Those of a warm and peaceful disposition should, in theory, find the second area of their skull flatter than the first. But don't be too concerned if your bumps do not match your self-perceptions - Gall derived his chart largely from feeling the heads of his local vicar and two recently widowed and "emotional" women neighbours. It was dubious methodology even for the early 19th century.

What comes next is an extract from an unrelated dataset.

(* Let $M\subset\mathbb{R}^{2d}$ satisfy the standing assumptions below, let $T$ be its outer symplectic billiard map and $H$ the function defined below, and write $|x|_H:=H(x)$. There exist constants $\Lambda>0$ and $\bar C>0$, depending only on $M$, such that for every $x$ with $|x|_H\ge\Lambda$ and every integer $k\ge1$, $$\big|\,|T^{2k}(x)|_H^2-|x|_H^2\,\big|\le \bar C\,k.$$
   Context: Equip $\mathbb{R}^{2d}$ with the standard inner product, norm $|\cdot|$, complex structure $J$ ($J^2=-I$, orthogonal) and symplectic form $\omega(u,v)=\langle Ju,v\rangle$. Standing assumptions: $M\subset\mathbb{R}^{2d}$ is a smooth closed hypersurface bounding a strictly convex domain containing the origin in its interior, and $M$ is a level set of a smooth function with positive definite Hessian. For a hypersurface $Q$ of this kind and $q\in Q$, the Reeb vector $R_Q(q)$ is the unique vector with $\omega(v,R_Q(q))=0$ for all $v\in T_qQ$ and $\omega(q,R_Q(q))=1$; the symplectic polar is $Q^*=\{R_Q(q):q\in Q\}$. Write $a\sim b$ if $a=\lambda b$, $\lambda>0$. For $x$ in the exterior of $M$ let $m_-(x)\in M$ be the unique point with $m_-(x)-x\sim R_M(m_-(x))$, and $T(x)=2m_-(x)-x$ (outer symplectic billiard map). Let $\overline M$ be the symmetrization of $M$, i.e. the boundary of the Minkowski sum of the domain bounded by $M$ and its reflection in the origin (support function $p(v)+p(-v)$ if $p$ is that of $M$), and $N=(\overline M)^*$. Let $H$ be the positively $1$-homogeneous function with $N=\{H=1\}$; it is a norm on $\mathbb{R}^{2d}$. *)

theory Defs
  imports "HOL-Analysis.Analysis"
begin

This did not stop phrenology from catching on. By mid-century every major American city had its Phrenology Institute, illnesses were diagnosed by head- feelers, and companies had potential employees "read" by a phrenologist before they were taken on. Feeling each others' bumps was a jolly way to spend a rainy evening, and even Queen Victoria had her children's heads "read".

Meanwhile brain analysis of a different kind was catching on in universities. New, powerful microscopes gave rise to a fashion for anatomical dissection, and neurologists - including the young Freud - were scrutinising brain tissue for clues to the physical roots of behaviour.

Dead brain tissue alone offers few clues to its function in life, however. In order to chart behaviour to a specific physical location scientists sought people whose behaviour was changed by cerebral accidents. Pierre Broca found the ideal patient: Tan. Tan was called Tan because that was what he said when asked his name. It was also what he said when he was asked where he lived . . . and what he would like for dinner. Tan was all that Tan could say, and his monosyllabic utterings comprised the first case of what is now known as "Broca's aphasia".

The condition was caused - as Broca subsequently discovered - by damage to an area of cortex on the left side of the brain, just in front of and above the ear. This patch of tissue carries his name to this day.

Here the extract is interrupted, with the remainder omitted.